A spokesman for Telstra said it has passed on termination savings through general price reductions on all its mobile and fixed products.
''Passing through savings solely to fixed-to-mobile calls will not be allocatively efficient, as consumers value pass-through relatively more on the other calling products (i.e. local, [interstate] and international calls). Imposing a pass-through requirement on Telstra would harm its ability to meet its customer needs, which would not be in the long term interest of end users,'' Telstra said in a submission to the Australian Competition and Consumer Commission last year.
Over the past two decades terminating rates have fallen from 21c per minute to 6c per minute and will drop to 3.6c per minute by mid-2014.

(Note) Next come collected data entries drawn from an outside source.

lemma stieltjes_system_Jordan:
  assumes P: "\<And>i. i < d \<Longrightarrow> mono_on {0..1} (P i)" "\<And>i. i < d \<Longrightarrow> continuous_on {0..1} (P i)"
    and N: "\<And>i. i < d \<Longrightarrow> mono_on {0..1} (N i)" "\<And>i. i < d \<Longrightarrow> continuous_on {0..1} (N i)"
    and g: "\<And>i. i < d \<Longrightarrow> continuous_on ({0..1} \<times> UNIV) (\<lambda>(t, \<xi>). g i t \<xi>)"
    and growth: "\<And>i t \<xi>. i < d \<Longrightarrow> t \<in> {0..1} \<Longrightarrow> \<bar>g i t \<xi>\<bar> \<le> c * (1 + \<bar>\<xi>\<bar>)"
    and c: "c \<ge> 0" and f: "continuous_on {0..1} f"
  shows "stieltjes_system ({..<d} \<times> UNIV) (Jordan_integrators P N) (Jordan_integrands g) f c"
proof
  fix j assume "j \<in> {..<d} \<times> (UNIV :: bool set)"
  then obtain i b where j: "j = (i, b)" "i < d" by auto
  have "continuous_on ({0..1} \<times> UNIV) (\<lambda>x. - (\<lambda>(t, \<xi>). g i t \<xi>) x)"
    by (intro continuous_on_minus g[OF j(2)])
  then show "continuous_on ({0..1} \<times> UNIV) (\<lambda>(t, \<xi>). Jordan_integrands g j t \<xi>)"
    using g[OF j(2)] unfolding j Jordan_integrands_def by (cases b) (auto simp: case_prod_beta)
  show "mono_on {0..1} (Jordan_integrators P N j)" "continuous_on {0..1} (Jordan_integrators P N j)"
    using P N j(2) unfolding j Jordan_integrators_def by auto
  show "\<bar>Jordan_integrands g j t \<xi>\<bar> \<le> c * (1 + \<bar>\<xi>\<bar>)" if "t \<in> {0..1}" for t \<xi>
    using growth[OF j(2) that] unfolding j Jordan_integrands_def by auto
qed (use c f in auto)

lemma Jordan_decompositions:
  assumes "\<And>i. i < d \<Longrightarrow> continuous_on {0..1} (A i)" "\<And>i. i < d \<Longrightarrow> bounded_variation_on (A i) 0 1"
  obtains P N where "\<And>i. i < d \<Longrightarrow> mono_on {0..1} (P i)" "\<And>i. i < d \<Longrightarrow> continuous_on {0..1} (P i)"
    "\<And>i. i < d \<Longrightarrow> mono_on {0..1} (N i)" "\<And>i. i < d \<Longrightarrow> continuous_on {0..1} (N i)"
    "\<And>i s. i < d \<Longrightarrow> A i s = P i s - N i s"
proof -
  have "\<exists>P N. mono_on {0..1} P \<and> mono_on {0..1} N \<and> continuous_on {0..1} P \<and>
          continuous_on {0..1} N \<and> (\<forall>s. A i s = P s - N s)" if i: "i < d" for i
  proof -
    obtain P N where "mono_on {0..1} P" "mono_on {0..1} N" "continuous_on {0..1} P"
        "continuous_on {0..1} N" "\<And>s. A i s = P s - N s"
      using bounded_variation_Jordan_decomposition[OF assms(1)[OF i] assms(2)[OF i]] by blast
    then show ?thesis by blast
  qed
  then have "\<forall>i. \<exists>P N. i < d \<longrightarrow> mono_on {0..1} P \<and> mono_on {0..1} N \<and>
          continuous_on {0..1} P \<and> continuous_on {0..1} N \<and> (\<forall>s. A i s = P s - N s)"
    by blast
  then obtain P N where "\<And>i. i < d \<Longrightarrow> mono_on {0..1} (P i) \<and> mono_on {0..1} (N i) \<and>
      continuous_on {0..1} (P i) \<and> continuous_on {0..1} (N i) \<and> (\<forall>s. A i s = P i s - N i s)"
    by metis
  then show ?thesis by (intro that[of P N]) auto
qed

lemma Jordan_integrands_lipschitz:
  assumes "\<forall>p>0. \<exists>L\<ge>0. \<forall>i<d. \<forall>\<xi>\<in>{-p..p}. \<forall>\<zeta>\<in>{-p..p}. \<forall>t\<in>{0..1}.
             \<bar>g i t \<xi> - g i t \<zeta>\<bar> \<le> L * \<bar>\<xi> - \<zeta>\<bar>"
  shows "\<forall>p>0. \<exists>L\<ge>0. \<forall>j\<in>{..<d} \<times> UNIV. \<forall>\<xi>\<in>{-p..p}. \<forall>\<zeta>\<in>{-p..p}. \<forall>t\<in>{0..1}.
           \<bar>Jordan_integrands g j t \<xi> - Jordan_integrands g j t \<zeta>\<bar> \<le> L * \<bar>\<xi> - \<zeta>\<bar>"
proof (intro allI impI)
  fix p :: real assume "p > 0"
  then obtain L where "L \<ge> 0"
    "\<forall>i<d. \<forall>\<xi>\<in>{-p..p}. \<forall>\<zeta>\<in>{-p..p}. \<forall>t\<in>{0..1}. \<bar>g i t \<xi> - g i t \<zeta>\<bar> \<le> L * \<bar>\<xi> - \<zeta>\<bar>"
    using assms by blast
  then show "\<exists>L\<ge>0. \<forall>j\<in>{..<d} \<times> UNIV. \<forall>\<xi>\<in>{-p..p}. \<forall>\<zeta>\<in>{-p..p}. \<forall>t\<in>{0..1}.
        \<bar>Jordan_integrands g j t \<xi> - Jordan_integrands g j t \<zeta>\<bar> \<le> L * \<bar>\<xi> - \<zeta>\<bar>"
    by (auto simp: Jordan_integrands_def abs_minus_commute)
qed

theorem proposition3p3:
  fixes d :: nat and A :: "nat \<Rightarrow> real \<Rightarrow> real" and f :: "real \<Rightarrow> real"
    and g :: "nat \<Rightarrow> real \<Rightarrow> real \<Rightarrow> real" and c :: real
  assumes A_cont: "\<And>i. i < d \<Longrightarrow> continuous_on {0..1} (A i)"
    and A_bv: "\<And>i. i < d \<Longrightarrow> bounded_variation_on (A i) 0 1"
    and f_cont: "continuous_on {0..1} f"
    and g_cont: "\<And>i. i < d \<Longrightarrow> continuous_on ({0..1} \<times> UNIV) (\<lambda>(t, \<xi>). g i t \<xi>)"
    and c_nonneg: "c \<ge> 0"
    and growth: "\<And>i t \<xi>. i < d \<Longrightarrow> t \<in> {0..1} \<Longrightarrow> \<bar>g i t \<xi>\<bar> \<le> c * (1 + \<bar>\<xi>\<bar>)"
  shows "(\<exists>B. continuous_on {0..1} B \<and> is_solution d A f g B) \<and>
         ((\<forall>p>0. \<exists>L\<ge>0. \<forall>i<d. \<forall>\<xi>\<in>{-p..p}. \<forall>\<zeta>\<in>{-p..p}. \<forall>t\<in>{0..1}.
              \<bar>g i t \<xi> - g i t \<zeta>\<bar> \<le> L * \<bar>\<xi> - \<zeta>\<bar>) \<longrightarrow>
          (\<forall>B1 B2. continuous_on {0..1} B1 \<and> is_solution d A f g B1 \<and>
                   continuous_on {0..1} B2 \<and> is_solution d A f g B2 \<longrightarrow>
                   (\<forall>t\<in>{0..1}. B1 t = B2 t)))"
proof -
  obtain P N where P: "\<And>i. i < d \<Longrightarrow> mono_on {0..1} (P i)" "\<And>i. i < d \<Longrightarrow> continuous_on {0..1} (P i)"
    and N: "\<And>i. i < d \<Longrightarrow> mono_on {0..1} (N i)" "\<And>i. i < d \<Longrightarrow> continuous_on {0..1} (N i)"
    and A: "\<And>i s. i < d \<Longrightarrow> A i s = P i s - N i s"
    using Jordan_decompositions[of d A, OF A_cont A_bv] by blast
  interpret S: stieltjes_system "{..<d} \<times> UNIV" "Jordan_integrators P N" "Jordan_integrands g" f c
    by (rule stieltjes_system_Jordan[OF P N g_cont growth c_nonneg f_cont])
  have solution_iff: "continuous_on {0..1} B \<and> is_solution d A f g B \<longleftrightarrow> S.solves B" for B
    unfolding S.solves_def sum_Jordan_stieltjes
    using is_solution_iff_Jordan[where P=P and N=N and A=A and g=g, OF P(1) N(1) A g_cont] by blast
  show ?thesis
    using S.solution_exists S.solution_unique[OF Jordan_integrands_lipschitz] solution_iff by blast
qed

end
(* Let $n\ge2$. For $j=1,\dots,n-1$ let $M_j$ be the $2\times 2$ matrix of the $j$-th component of $x\in X^1$, and put $\delta_j=\det M_j$, $t_j=\tfrac12\operatorname{tr}(M_j^tM_j)$, define $a_j,b_j$ by $M_j^tM_j-t_jI=\begin{pmatrix}a_j&b_j\\ b_j&-a_j\end{pmatrix}$, and put $w_j^{+}=\tfrac12(a_j-ib_j)$, $w_j^-=\tfrac12(a_j+ib_j)$, $u_{1j}=4w_1^+w_j^-$, and $\tilde u_j=u_{1j}/(\delta_1^2-t_1^2)$ for $j=2,\dots,n-1$. Then the $3n-4$ functions $t_1,\dots,t_{n-1},\delta_1,\dots,\delta_{n-1},\tilde u_2,\dots,\tilde u_{n-1}$ are $W'$-invariant, algebraically independent, and generate $\mathbb C(X^1)^{W'}$; that is, $\operatorname{Spec}(\mathbb C[t_\bullet,\delta_\bullet,\tilde u_\bullet]_\Delta)$ with $\Delta=\prod_{i=1}^{n-1}\delta_i(\delta_i^2-t_i^2)$ is a rational quotient for the action of $W'$ on $X^1$. In particular $\mathbb C(X^1)^{W'}$ is purely transcendental over $\mathbb C$ of degree $3n-4$.
   Context: Let $U_1,\dots,U_n$ be two-dimensional complex vector spaces (the transversal planes $\mathscr V_i^t$), each with a nondegenerate symmetric bilinear form and a chosen orthonormal basis, so $U_i\cong\mathbb C^2$ with the standard form and $\mathrm{SO}(U_i)\cong\mathrm{SO}_2(\mathbb C)$. Let $X^1=\bigoplus_{j=1}^{n-1}U_j\otimes U_n$, and identify each $U_j\otimes U_n$ with $M_2(\mathbb C)$ by sending $\sum_{a,b}c_{ab}f^{(j)}_a\otimes f^{(n)}_b$ to $(c_{ab})$, where $f^{(i)}_1,f^{(i)}_2$ is the orthonormal basis of $U_i$. The group $N'=\prod_{i=1}^n\mathrm{SO}(U_i)$ acts on $X^1$ by $g_j\otimes g_n$ on the $j$-th summand, i.e. $M_j\mapsto g_jM_jg_n^{-1}$; the element $(-I,\dots,-I)$ acts trivially, and $W'=N'/\{\pm(I,\dots,I)\}$. For a group acting on a variety, a rational quotient is a variety whose function field is isomorphic to the field of invariant rational functions. *)

theory Defs
  imports "HOL-Analysis.Analysis"
begin
lemma bayes_plausibleD:
  assumes "bayes_plausible mu G"
  shows "prob_space G" "sets G = sets borel" "space G = UNIV" "AE x in G. x \<in> belief_simplex"
proof -
  show pG: "prob_space G" and sG: "sets G = sets borel"
    using assms by (auto simp: bayes_plausible_def)
  show "space G = UNIV" using sets_eq_imp_space_eq[OF sG] by simp
  have "measure G belief_simplex = 1" using assms by (auto simp: bayes_plausible_def measure_def)
  then show "AE x in G. x \<in> belief_simplex" using prob_space.AE_prob_1[OF pG] by blast
qed

lemma subprob_report_payoff_le:
  assumes N: "subprob_space N" "space N = Ms"
    and f_le: "\<forall>d\<in>Ms. f d \<le> b" and v0: "0 \<le> v0" "v0 \<le> b"
  shows "(\<integral>d. f d \<partial>N) + (1 - measure N Ms) * v0 \<le> b"
proof -
  interpret subprob_space N by (rule N(1))
  define m where "m = measure N Ms"
  have m: "0 \<le> m" "m \<le> 1" unfolding m_def using subprob_measure_le_1 by auto
  have "(\<integral>d. f d \<partial>N) \<le> b * m"
  proof (cases "integrable N f")
    case True
    have "(\<integral>d. f d \<partial>N) \<le> (\<integral>d. b \<partial>N)"
      by (rule integral_mono[OF True]) (use f_le N(2) in auto)
    then show ?thesis using N(2) by (simp add: m_def mult.commute)
  qed (use m v0 in \<open>simp add: not_integrable_integral_eq\<close>)
  moreover have "(1 - m) * v0 \<le> (1 - m) * b"
    using m v0 by (intro mult_left_mono) auto
  ultimately have "(\<integral>d. f d \<partial>N) + (1 - m) * v0 \<le> b * m + (1 - m) * b"
    by linarith
  then show ?thesis by (simp add: m_def algebra_simps)
qed

lemma deviation_payoff_le_outside_option:
  fixes G :: "(real^'s::finite) measure" and c :: "real^'s \<Rightarrow> real"
  assumes G: "bayes_plausible mu G" and int_c: "integrable G c"
    and K: "K \<in> measurable G (subprob_algebra (restrict_space borel Ms))"
    and c_nonneg: "\<forall>x\<in>belief_simplex. c x \<ge> 0" and v0: "v0 \<ge> 0" and kappa: "kappa > 0"
    and upper: "\<forall>x\<in>belief_simplex. \<forall>d\<in>Ms. exp_transfer t x d \<le> kappa * c x + v0"
  shows "deviation_payoff kappa c v0 Ms t G K \<le> v0"
proof -
  note G = bayes_plausibleD[OF G]
  interpret prob_space G by (rule G(1))
  define payoff where
    "payoff x = (\<integral>d. exp_transfer t x d \<partial>(K x)) + (1 - measure (K x) Ms) * v0" for x
  have payoff_le: "payoff x \<le> kappa * c x + v0" if x: "x \<in> belief_simplex" for x
  proof -
    have "K x \<in> space (subprob_algebra (restrict_space borel Ms))"
      using measurable_space[OF K] G(3) by auto
    then have "subprob_space (K x)" "sets (K x) = sets (restrict_space borel Ms)"
      by (auto simp: space_subprob_algebra)
    moreover have "0 \<le> kappa * c x" using c_nonneg x kappa by simp
    ultimately show ?thesis
      unfolding payoff_def using upper x v0
      by (intro subprob_report_payoff_le)
        (auto dest: sets_eq_imp_space_eq simp: space_restrict_space)
  qed
  have "integral\<^sup>L G payoff \<le> (\<integral>x. kappa * c x + v0 \<partial>G)"
  proof (cases "integrable G payoff")
    case True
    then show ?thesis
      by (rule integral_mono_AE) (use int_c payoff_le G(4) in auto)
  next
    case False
    have "0 \<le> integral\<^sup>L G c"
      by (rule integral_nonneg_AE) (use G(4) c_nonneg in auto)
    then show ?thesis using False int_c kappa v0 by (simp add: not_integrable_integral_eq prob_space)
  qed
  then show ?thesis
    using int_c unfolding deviation_payoff_def info_cost_def payoff_def[symmetric]
    by (simp add: prob_space)
qed

lemma implements_if_tight_upper_bound:
  fixes F :: "(real^'s::finite) measure" and t :: "real^'s \<Rightarrow> 's \<Rightarrow> real"
  assumes F: "bayes_plausible mu F" and Ms: "Ms = measure_support F" "compact Ms"
    and t: "\<And>k. (\<lambda>d. t d k) \<in> borel_measurable borel" "\<And>k. bounded ((\<lambda>d. t d k) ` Ms)"
    and int_c: "integrable F c"
    and c_nonneg: "\<forall>x\<in>belief_simplex. c x \<ge> 0" and v0: "v0 \<ge> 0" and kappa: "kappa > 0"
    and upper: "\<forall>x\<in>belief_simplex. \<forall>d\<in>Ms. exp_transfer t x d \<le> kappa * c x + v0"
    and tight: "\<forall>d\<in>Ms. exp_transfer t d d = kappa * c d + v0"
  shows "implements mu kappa c v0 Ms t F \<and> principal_cost t F = info_cost kappa c F + v0"
proof -
  note F = bayes_plausibleD[OF F]
  interpret prob_space F by (rule F(1))
  have "principal_cost t F = (\<integral>x. kappa * c x + v0 \<partial>F)"
    unfolding principal_cost_def
  proof (rule integral_cong_AE)
    show "AE x in F. exp_transfer t x x = kappa * c x + v0"
      using AE_in_measure_support[OF F(2)] Ms(1) tight by auto
    show "(\<lambda>x. exp_transfer t x x) \<in> borel_measurable F"
      unfolding exp_transfer_def measurable_cong_sets[OF F(2) refl] using t(1) by measurable
    show "(\<lambda>x. kappa * c x + v0) \<in> borel_measurable F"
      using int_c by measurable
  qed
  then have cost: "principal_cost t F = info_cost kappa c F + v0"
    using int_c by (simp add: prob_space info_cost_def)
  then have truthful: "truthful_payoff kappa c t F = v0"
    unfolding truthful_payoff_def principal_cost_def by simp
  have "implements mu kappa c v0 Ms t F"
    unfolding implements_def truthful
    using Ms t deviation_payoff_le_outside_option[OF _ _ _ c_nonneg v0 kappa upper] by blast
  with cost show ?thesis by blast
qed
lemma tot_propensity_nonneg: "0 < \<phi> \<Longrightarrow> 0 \<le> tot_propensity \<phi> R c"
  unfolding tot_propensity_def by (auto intro!: sum_nonneg propensity_nonneg)

lemma propensity_le_tot_propensity:
  "finite R \<Longrightarrow> 0 < \<phi> \<Longrightarrow> \<beta> \<in> R \<Longrightarrow> propensity \<phi> R c \<beta> \<le> tot_propensity \<phi> R c"
  unfolding tot_propensity_def by (rule member_le_sum) (auto intro: propensity_nonneg)

lemma propensity_ge_card_Rr:
  assumes "0 < \<phi>" "csize (fst \<beta>) = 1 \<or> csize (fst \<beta>) = 2" "fst \<beta> \<le> c"
  shows "min 1 (1 / \<phi>) / real (card (Rr R (fst \<beta>))) \<le> propensity \<phi> R c \<beta>"
proof -
  define r where "r = fst \<beta>"
  define k where "k = real (card (Rr R r))"
  have r_le: "r A \<le> c A" for A using assms(3) by (simp add: r_def le_fun_def)
  have bimolecular: "min 1 (1 / \<phi>) \<le> (1 / \<phi>) * m" if "1 \<le> m" for m :: real
  proof -
    have "1 / \<phi> \<le> m / \<phi>" using that assms(1) by (simp add: divide_right_mono)
    then show ?thesis by (simp add: min.coboundedI2)
  qed
  consider (uni) "csize r = 1" | (homo) A where "csize r = 2" "r A = 2"
    | (hetero) "csize r = 2" "\<forall>A. r A \<noteq> 2"
    using assms(2) r_def by blast
  then obtain m where m: "min 1 (1 / \<phi>) \<le> m" "propensity \<phi> R c \<beta> = m / k"
  proof cases
    case uni
    have "r (THE A. r A = 1) = 1" using unique_species_of_csize_1[OF uni] by (rule theI')
    then have "1 \<le> c (THE A. r A = 1)" using r_le[of "THE A. r A = 1"] by simp
    moreover have "propensity \<phi> R c \<beta> = real (c (THE A. r A = 1)) / k"
      unfolding propensity_def Let_def r_def[symmetric] k_def[symmetric] using uni by simp
    ultimately show ?thesis by (intro that[of "real (c (THE A. r A = 1))"]) (simp_all add: min_le_iff_disj)
  next
    case homo
    have "r (THE A. r A = 2) = 2" using unique_species_of_count_2[OF homo] by (rule theI')
    then have "2 \<le> c (THE A. r A = 2)" using r_le[of "THE A. r A = 2"] by simp
    then have "1 \<le> real (c (THE A. r A = 2) choose 2)"
      using zero_less_binomial[of 2 "c (THE A. r A = 2)"] by linarith
    moreover have "propensity \<phi> R c \<beta> = (1 / \<phi>) * real (c (THE A. r A = 2) choose 2) / k"
      unfolding propensity_def Let_def r_def[symmetric] k_def[symmetric] using homo by auto
    ultimately show ?thesis by (rule that[OF bimolecular])
  next
    case hetero
    have "1 \<le> real (c A)" if "r A = 1" for A using r_le[of A] that by simp
    then have "1 \<le> (\<Prod>A\<in>{A. r A = 1}. real (c A))" by (intro prod_ge_1) simp
    moreover have "propensity \<phi> R c \<beta> = (1 / \<phi>) * (\<Prod>A\<in>{A. r A = 1}. real (c A)) / k"
      unfolding propensity_def Let_def r_def[symmetric] k_def[symmetric] using hetero by simp
    ultimately show ?thesis by (rule that[OF bimolecular])
  qed
  have "min 1 (1 / \<phi>) / k \<le> m / k" using m(1) by (rule divide_right_mono) (simp add: k_def)
  with m(2) show ?thesis unfolding k_def r_def by simp
qed

lemma propensity_ge_min_propensity:
  assumes "crn R" "0 < \<phi>" "\<beta> \<in> app R c"
  shows "min_propensity \<phi> R \<le> propensity \<phi> R c \<beta>"
proof -
  have "\<beta> \<in> R" "fst \<beta> \<le> c" using assms(3) by (auto simp: app_def)
  have "finite (Rr R (fst \<beta>))" using crn_finite[OF assms(1)] by (simp add: Rr_def)
  moreover have "\<beta> \<in> Rr R (fst \<beta>)" using \<open>\<beta> \<in> R\<close> by (simp add: Rr_def)
  ultimately have "1 \<le> card (Rr R (fst \<beta>))" by (metis card_0_eq empty_iff less_one not_le)
  moreover have "card (Rr R (fst \<beta>)) \<le> card R"
    using crn_finite[OF assms(1)] by (intro card_mono) (auto simp: Rr_def)
  ultimately have "min_propensity \<phi> R \<le> min 1 (1 / \<phi>) / real (card (Rr R (fst \<beta>)))"
    unfolding min_propensity_def using assms(2) by (intro divide_left_mono) auto
  also have "\<dots> \<le> propensity \<phi> R c \<beta>"
    using crn_reaction_size[OF assms(1) \<open>\<beta> \<in> R\<close>] assms(2) \<open>fst \<beta> \<le> c\<close>
    by (intro propensity_ge_card_Rr) auto
  finally show ?thesis .
qed

lemma tot_propensity_ge_min_propensity:
  assumes "crn R" "0 < \<phi>" "0 < csize c"
  shows "min_propensity \<phi> R \<le> tot_propensity \<phi> R c"
proof -
  obtain \<beta> where "\<beta> \<in> app R c" using crn_app_nonempty[OF assms(1,3)] by blast
  then have "min_propensity \<phi> R \<le> propensity \<phi> R c \<beta>"
    by (rule propensity_ge_min_propensity[OF assms(1,2)])
  also have "\<dots> \<le> tot_propensity \<phi> R c"
    using \<open>\<beta> \<in> app R c\<close> crn_finite[OF assms(1)] assms(2)
    by (intro propensity_le_tot_propensity) (auto simp: app_def)
  finally show ?thesis .
qed

lemma min_propensity_pos:
  fixes R :: "'s::finite reaction set"
  assumes "crn R" "0 < \<phi>" shows "0 < min_propensity \<phi> R"
proof -
  have "0 < csize (\<lambda>_::'s. 1::nat)" by (simp add: csize_def)
  then obtain \<beta> where "\<beta> \<in> app R (\<lambda>_. 1)" using crn_app_nonempty[OF assms(1)] by blast
  then have "\<beta> \<in> R" by (simp add: app_def)
  then have "0 < card R" using crn_finite[OF assms(1)] card_gt_0_iff by blast
  then show ?thesis unfolding min_propensity_def using assms(2) by (intro divide_pos_pos) auto
qed
theorem theorem1p3:
  fixes \<Phi> :: "real \<Rightarrow> real"
  assumes pos: "\<And>r. 0 < r \<Longrightarrow> r < 1 \<Longrightarrow> \<Phi> r > 0"
    and small: "\<Phi> \<in> o[at_left 1](\<lambda>r. 1 / (1 - r)\<^sup>2)"
  shows "\<exists>p\<in>carath_class.
           Limsup (at_left 1) (\<lambda>r. ereal (I_int p r / \<Phi> r)) = \<infinity>"
proof -
  define c :: "nat \<Rightarrow> real" where "c k = (1/2) ^ Suc k" for k
  define \<rho> :: "nat \<Rightarrow> real" where "\<rho> m = 1 - 1 / (4 * real m)" for m
  have "c sums 1"
    unfolding c_def by (rule power_half_series)
  then have c: "summable c" "suminf c = 1" "\<And>k. 0 \<le> c k"
    by (simp_all add: sums_iff c_def)
  have "0 < (c k)\<^sup>2 / (16 * (real k + 1))" for k
    by (simp add: c_def)
  from exists_strict_mono_smallo_at_one_minus_quarter_inverse
         [where \<epsilon> = "\<lambda>k. (c k)\<^sup>2 / (16 * (real k + 1))", OF small this]
  obtain n where n: "strict_mono n" "\<And>k. 1 \<le> n k"
    "\<And>k. \<Phi> (\<rho> (n k)) \<le> (c k)\<^sup>2 / (16 * (real k + 1)) * (4 * real (n k))\<^sup>2"
    unfolding \<rho>_def by blast
  define p where "p = (\<lambda>z. exp (gap_series c n z))"
  have p_class: "p \<in> carath_class"
    unfolding p_def using c pi_gt3 by (intro exp_gap_series_in_carath_class) simp_all
  have ratio: "real k \<le> I_int p (\<rho> (n k)) / \<Phi> (\<rho> (n k))" for k
  proof -
    have "0 < \<Phi> (\<rho> (n k))"
      using n(2)[of k] by (intro pos) (auto simp: \<rho>_def field_simps)
    then show ?thesis
      unfolding p_def \<rho>_def
      by (rule I_int_exp_gap_series_at_sample_div_ge[OF c(1,3) strict_mono_imp_inj_on[OF n(1)] n(2) _
            n(3)[unfolded \<rho>_def]])
  qed
  have ratio_lim: "filterlim (\<lambda>k. I_int p (\<rho> (n k)) / \<Phi> (\<rho> (n k))) at_top sequentially"
    by (rule filterlim_at_top_mono[OF filterlim_real_sequentially always_eventually])
       (use ratio in blast)
  have sample_lim: "filterlim (\<lambda>k. \<rho> (n k)) (at_left 1) sequentially"
    unfolding \<rho>_def
    by (rule filterlim_compose[OF filterlim_one_minus_quarter_inverse_at_left filterlim_subseq[OF n(1)]])
  show ?thesis
    using Limsup_eq_infinity_along_sequence[where f="\<lambda>r. I_int p r / \<Phi> r", OF sample_lim ratio_lim] p_class
    by blast
qed
lemma Mmat_mult_vec_eq_iff:
  assumes "\<sigma> \<ge> 0" and p: "p \<in> carrier_vec n"
  shows "Mmat n \<sigma> *\<^sub>v p = k \<cdot>\<^sub>v p \<longleftrightarrow> Bmat n *\<^sub>v p = k \<cdot>\<^sub>v (Amat n \<sigma> *\<^sub>v p)"
proof -
  obtain Ai where Ai: "Ai \<in> carrier_mat n n" "Amat n \<sigma> * Ai = 1\<^sub>m n" "Ai * Amat n \<sigma> = 1\<^sub>m n"
    and M: "Mmat n \<sigma> = Ai * Bmat n"
    using Amat_inverse[OF assms(1)] unfolding Mmat_def by (metis option.sel)
  have A: "Amat n \<sigma> \<in> carrier_mat n n" and Bp: "Bmat n *\<^sub>v p \<in> carrier_vec n"
    using Amat_carrier mult_mat_vec_carrier[OF Bmat_carrier p] by auto
  have Mp: "Mmat n \<sigma> *\<^sub>v p = Ai *\<^sub>v (Bmat n *\<^sub>v p)"
    unfolding M using Ai p Bmat_carrier by (simp add: assoc_mult_mat_vec[of _ n n _ n])
  have left_inv: "Ai *\<^sub>v (Amat n \<sigma> *\<^sub>v v) = v" and right_inv: "Amat n \<sigma> *\<^sub>v (Ai *\<^sub>v v) = v"
    if "v \<in> carrier_vec n" for v
    using that Ai A by (simp_all add: assoc_mult_mat_vec[symmetric, of _ n n _ n])
  show ?thesis
  proof
    assume "Mmat n \<sigma> *\<^sub>v p = k \<cdot>\<^sub>v p"
    then have "Amat n \<sigma> *\<^sub>v (Ai *\<^sub>v (Bmat n *\<^sub>v p)) = Amat n \<sigma> *\<^sub>v (k \<cdot>\<^sub>v p)" by (simp add: Mp)
    then show "Bmat n *\<^sub>v p = k \<cdot>\<^sub>v (Amat n \<sigma> *\<^sub>v p)"
      using right_inv[OF Bp] A p by (simp add: mult_mat_vec)
  next
    assume "Bmat n *\<^sub>v p = k \<cdot>\<^sub>v (Amat n \<sigma> *\<^sub>v p)"
    then show "Mmat n \<sigma> *\<^sub>v p = k \<cdot>\<^sub>v p"
      unfolding Mp using left_inv[OF p] Ai A p by (simp add: mult_mat_vec)
  qed
qed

Optus' interconnect and economic regulation general manager Andrew Sheridan said the reductions in termination rates have been a ''regulatory gift to Telstra''.
''The whole point of regulating [termination rates] was not about mobile to mobile, it was about fixed to mobile … There has been a significant value transfer from the competitive mobile operators to the fixed line incumbent,'' he said.
Vodafone spokesman Greg Spears said, ''Telstra has used [termination fee] regulation to increase its margins on fixed-to-mobile calls rather than passing on the savings to consumers.
''At the end of 2004, Telstra's average revenue per minute for fixed-to-mobile calls was 40c per minute. In seven years Telstra's average revenue per minute has fallen by 10c. In contrast, the ACCC has reduced the wholesale price for [termination fees] from 21c per minute to 6c per minute - a reduction of 15c,'' he said.
ACCC spokesman Michael Cosgrave said while retail prices are affected by many things, the commission does monitor the retail impact of rate cuts.